Federation came down to simply this
is dog eat dog and the survival of the fittest
Everybody fighting for independence, singularly;
Trinidad for instance
But we go get too don't bother
But ah find we should all be together
Not separated as we are
Because of Jamaica


CLR James (1901-1989), the world-renowned Marxist theoretician (and a big Sparrow fan) was in the calypso tent that night when Sparrow sang "Federation" for the very first time. James commented:
I was in the tent the night he returned and first sang it. When it became clear what he was saying, the audience froze. Trinidad had broken with the Federation. Nobody was saying
anything and the people did not know what to think, far less what to say. At the end of the last verse of that first night Sparrow say that something was wrong and he added loudly:
"I agree with the Doctor"

( James: Party Politics in the West Indies, p. 162).


And of course the Doc agreed with the Sparrow. Being a shrewd politician, Williams understood the value of Sparrow's popular appeal as well as his immense pedagogical powers. Indeed, he acknowledges this in his autobiography "Inward Hunger: The Education of a Prime Minister (1969), where he writes that Sparrow was often the person who "summed up" public feeling. Williams would return to Sparrow's role as public intellectual in a 1980 letter sent to the calypsonian on the occasion of the 25th anniversary in the calypso business. In that note, carried in the Trinidad Express newspaper for January 6, 1980, Williams allowed that Sparrow had come
to his assistance with the song "Leave the Dam Doctor".



THE COMING OF THE SPARROW


Sparrow's rise to fame was not driven by good luck, good looks or the singer's rare magnetism. Furthermore, Sparrow's ascent to calypso fame and fortune did not begin in 1955, when he went into the tent (for the first time) to sing "High Cost of Living" and "Race Track" and was introduced by MC "Viking" in the following manner:

"Ladies and Gentleman
It have a young feller here who say he could sing
So I will bring him on stage.
If you think he good, clap.
Well, you know what to do if he ent good"

Sparrow took the stage and brought the house down.

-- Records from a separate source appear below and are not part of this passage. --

(* Let $c\ge 0$ and let $(f_p)_{p\ge1}$ be real numbers with $f_1=0$ and $$f_p\le c+\frac{1}{p(p-1)}\sum_{k=1}^{p-1}k f_k\quad\text{for all } p\ge 2.$$ Then $f_p\le 2c$ for all $p\ge 1$. *)

theory Defs
  imports Complex_Main
begin

end

theory Submission
  imports Defs
begin

text \<open>The weights \<open>k / (p (p - 1))\<close>, \<open>1 \<le> k < p\<close>, sum to \<open>1/2\<close>. Hence the recursion
  bounds \<open>f p\<close> by \<open>c\<close> plus half of any common bound on the earlier values, and the bound
  \<open>2 c\<close> reproduces itself under strong induction.\<close>

lemma weighted_sum_le_half_bound:
  fixes f :: "nat \<Rightarrow> real" and M :: real
  assumes "p \<ge> 2" and bound: "\<And>k. 1 \<le> k \<Longrightarrow> k < p \<Longrightarrow> f k \<le> M"
  shows "(1 / (real p * (real p - 1))) * (\<Sum>k=1..p-1. real k * f k) \<le> M / 2"
proof -
  have pos: "real p * (real p - 1) > 0"
    using \<open>p \<ge> 2\<close> by simp
  have "(\<Sum>k=1..p-1. real k * f k) \<le> (\<Sum>k=1..p-1. real k * M)"
    by (rule sum_mono) (auto intro!: mult_left_mono bound)
  also have "\<dots> = M * (2 * (\<Sum>k=Suc 0..p-1. real k)) / 2"
    by (simp add: sum_distrib_left mult_ac)
  also have "\<dots> = M * (real p * (real p - 1)) / 2"
    using \<open>p \<ge> 2\<close> by (simp only: double_gauss_sum_from_Suc_0) (simp add: of_nat_diff)
  finally show ?thesis
    using pos by (simp add: divide_simps mult.commute)
qed

theorem lemma2p3:
  fixes c :: real and f :: "nat \<Rightarrow> real"
  assumes "c \<ge> 0"
    and "f 1 = 0"
    and "\<And>p. p \<ge> 2 \<Longrightarrow>
           f p \<le> c + (1 / (real p * (real p - 1))) * (\<Sum>k=1..p-1. real k * f k)"
  shows "\<forall>p\<ge>1. f p \<le> 2 * c"
proof (intro allI impI)
  fix p :: nat
  assume "p \<ge> 1"
  then show "f p \<le> 2 * c"
  proof (induction p rule: less_induct)
    case (less p)
    show ?case
    proof (cases "p = 1")
      case True
      then show ?thesis using assms(1,2) by simp
    next
      case False
      then have "p \<ge> 2" using less.prems by simp
      have "(1 / (real p * (real p - 1))) * (\<Sum>k=1..p-1. real k * f k) \<le> 2 * c / 2"
        using \<open>p \<ge> 2\<close> by (rule weighted_sum_le_half_bound) (rule less.IH)
      then show ?thesis using assms(3)[OF \<open>p \<ge> 2\<close>] by simp
    qed
  qed
qed

end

It is not possible to pinpoint the moment of Sparrow's self-conscious take off, but the year 1948 remains utterly crucial.  In 1948, Slinger Francisco (Sparrow) was merely 13 years old. He was at the time a student at the New Town man Catholic Boys School on Maraval Road. He was member of the school's choir. He was an altar boy, too. Slinger loved to sing, something he took
from his mother Clarissa- and so he was a fixture in the school's Friday concerts. But week after week the young man will sing the same song: "Red River Valley". He was a quite popular kid,
but just about everyone had had it with "Red River Valley”.

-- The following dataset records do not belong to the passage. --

(* For every integer $k\ge 2$, \[\overline{\alpha}(\{1,k,k+1\})=\begin{cases}\frac{2k}{6k+3} & k\equiv 0\pmod 3,\\ \frac13 & k\equiv 1\pmod 3,\\ \frac{k+1}{3k+6} & k\equiv 2\pmod 3.\end{cases}\]
   Context: For a finite set $S$ of positive integers, the distance graph $G(S)$ has vertex set $\mathbb{Z}$, with $i,j$ adjacent iff $|i-j|\in S$. The density of $A\subseteq\mathbb{Z}$ is $\delta(A)=\limsup_{N\to\infty}\frac{|A\cap[-N,N]|}{2N+1}$, and the independence ratio $\overline{\alpha}(S)$ is the supremum of $\delta(A)$ over independent sets $A$ of $G(S)$. *)

theory Defs
  imports "HOL-Analysis.Analysis"
begin

definition dist_indep :: "nat set \<Rightarrow> int set \<Rightarrow> bool" where
  "dist_indep S A \<longleftrightarrow> (\<forall>i\<in>A. \<forall>j\<in>A. nat \<bar>i - j\<bar> \<notin> S)"

definition upper_density :: "int set \<Rightarrow> ereal" where
  "upper_density A = limsup (\<lambda>N::nat. ereal (real (card (A \<inter> {- int N .. int N})) / real (2*N+1)))"

definition indep_ratio :: "nat set \<Rightarrow> ereal" where
  "indep_ratio S = (SUP A \<in> {A. dist_indep S A}. upper_density A)"

end

theory Submission
  imports Defs "HOL-Real_Asymp.Real_Asymp"
begin

text \<open>Upper bounds come from local counting: if every translate of a finite weighted window
  meets an independent set in total weight at most \<open>c\<close>, averaging over translates bounds
  the density by \<open>c\<close> divided by the total weight. For \<open>k \<equiv> 1 (mod 3)\<close> the window
  \<open>{0, 1, k+1}\<close> is a triangle of the graph. For \<open>k \<equiv> 0\<close> and \<open>k \<equiv> 2 (mod 3)\<close> an interval
  of length about \<open>2k\<close> is folded into two rows, whose columns form a cycle in which any
  three consecutive columns contain at most two points of the set; summing around the
  cycle gives the bound. The matching lower bounds come from explicit periodic sets built
  from residues divisible by \<open>3\<close>.\<close>

lemma card_window_le_shifted_count:
  fixes A :: "int set" and N R t :: nat
  assumes "t \<le> R"
  shows "card (A \<inter> {- int N .. int N})
    \<le> (\<Sum>x\<in>{- int N - int R .. int N}. (of_bool (x + int t \<in> A)::nat))"
proof -
  have "card (A \<inter> {- int N .. int N}) = card ((\<lambda>y. y - int t) ` (A \<inter> {- int N .. int N}))"
    by (simp add: card_image inj_on_def)
  also have "\<dots> \<le> card ({- int N - int R .. int N} \<inter> {x. x + int t \<in> A})"
    by (rule card_mono) (use assms in auto)
  also have "\<dots> = (\<Sum>x\<in>{- int N - int R .. int N}. (of_bool (x + int t \<in> A)::nat))"
    by simp
  finally show ?thesis .
qed

lemma upper_density_le_weighted_window:
  fixes A :: "int set" and w :: "nat \<Rightarrow> nat" and R c :: nat
  assumes pos: "(\<Sum>t\<le>R. w t) > 0"
    and window: "\<And>x. (\<Sum>t\<le>R. w t * of_bool (x + int t \<in> A)) \<le> c"
  shows "upper_density A \<le> ereal (real c / real (\<Sum>t\<le>R. w t))"
proof -
  define s where "s = (\<Sum>t\<le>R. w t)"
  have count: "s * card (A \<inter> {- int N .. int N}) \<le> c * (2*N+R+1)" for N
  proof -
    let ?X = "{- int N - int R .. int N}"
    have "s * card (A \<inter> {- int N .. int N}) = (\<Sum>t\<le>R. w t * card (A \<inter> {- int N .. int N}))"
      by (simp add: s_def sum_distrib_right)
    also have "\<dots> \<le> (\<Sum>t\<le>R. w t * (\<Sum>x\<in>?X. (of_bool (x + int t \<in> A)::nat)))"
      by (rule sum_mono) (use card_window_le_shifted_count[of _ R A N] in auto)
    also have "\<dots> = (\<Sum>x\<in>?X. \<Sum>t\<le>R. w t * of_bool (x + int t \<in> A))"
      by (subst sum.swap) (simp add: sum_distrib_left mult.commute)
    also have "\<dots> \<le> card ?X * c"
      using sum_bounded_above[of ?X "\<lambda>x. \<Sum>t\<le>R. w t * of_bool (x + int t \<in> A)" c] window
      by simp
    also have "\<dots> = c * (2*N+R+1)"
      by (simp add: nat_add_distrib nat_mult_distrib)
    finally show ?thesis .
  qed
  have s_pos: "real s > 0" using pos s_def by (simp del: of_nat_sum)
  have le: "ereal (real (card (A \<inter> {- int N .. int N})) / real (2*N+1))
       \<le> ereal (real c / real s * ((2*real N + real R + 1) / (2 * real N + 1)))" for N
  proof -
    have "real (s * card (A \<inter> {- int N .. int N})) \<le> real (c * (2*N+R+1))"
      using count[of N] by (simp only: of_nat_le_iff)
    then have h: "real s * real (card (A \<inter> {- int N .. int N})) \<le> real c * (2*real N + real R + 1)"
      by (simp add: algebra_simps)
    have "real (card (A \<inter> {- int N .. int N})) / real (2*N+1)
        = (real s * real (card (A \<inter> {- int N .. int N}))) / (real s * (2*real N+1))"
      using s_pos by simp
    also have "\<dots> \<le> (real c * (2*real N + real R + 1)) / (real s * (2*real N+1))"
      by (rule divide_right_mono[OF h]) (use s_pos in simp)
    finally show ?thesis by simp
  qed
  have lim: "(\<lambda>N::nat. ereal (real c / real s * ((2*real N + real R + 1) / (2 * real N + 1))))
      \<longlonglongrightarrow> ereal (real c / real s * 1)"
  proof -
    have "(\<lambda>N::nat. (2*real N + real R + 1) / (2 * real N + 1)) \<longlonglongrightarrow> 1" by real_asymp
    then show ?thesis by (intro tendsto_ereal tendsto_mult tendsto_const)
  qed
  have "upper_density A
      \<le> limsup (\<lambda>N::nat. ereal (real c / real s * ((2*real N + real R + 1) / (2 * real N + 1))))"
    unfolding upper_density_def by (rule Limsup_mono) (use le in auto)
  also have "\<dots> = ereal (real c / real s)"
    using lim_imp_Limsup[OF trivial_limit_sequentially lim] by simp
  finally show ?thesis by (simp add: s_def)
qed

In the wake of all the gossiping, Slinger decided to put the school's moral code to the test. He walked up to Teacher Carl (Jagnauth) and said: Sir, Ah could sing calypso? And before Teacher Carl could answer, Slinger was on the stage singing a Lord Invader song:

"Before the landing of the Yankees
Everything I give me wife
She never displeased"......


A hush fell upon the assembled teachers and students. Everyone was afraid to talk. This was a Catholic school. A calypso free zone and the young feller sang a calypso! Was this puerile innocence, or was it manish rebellion?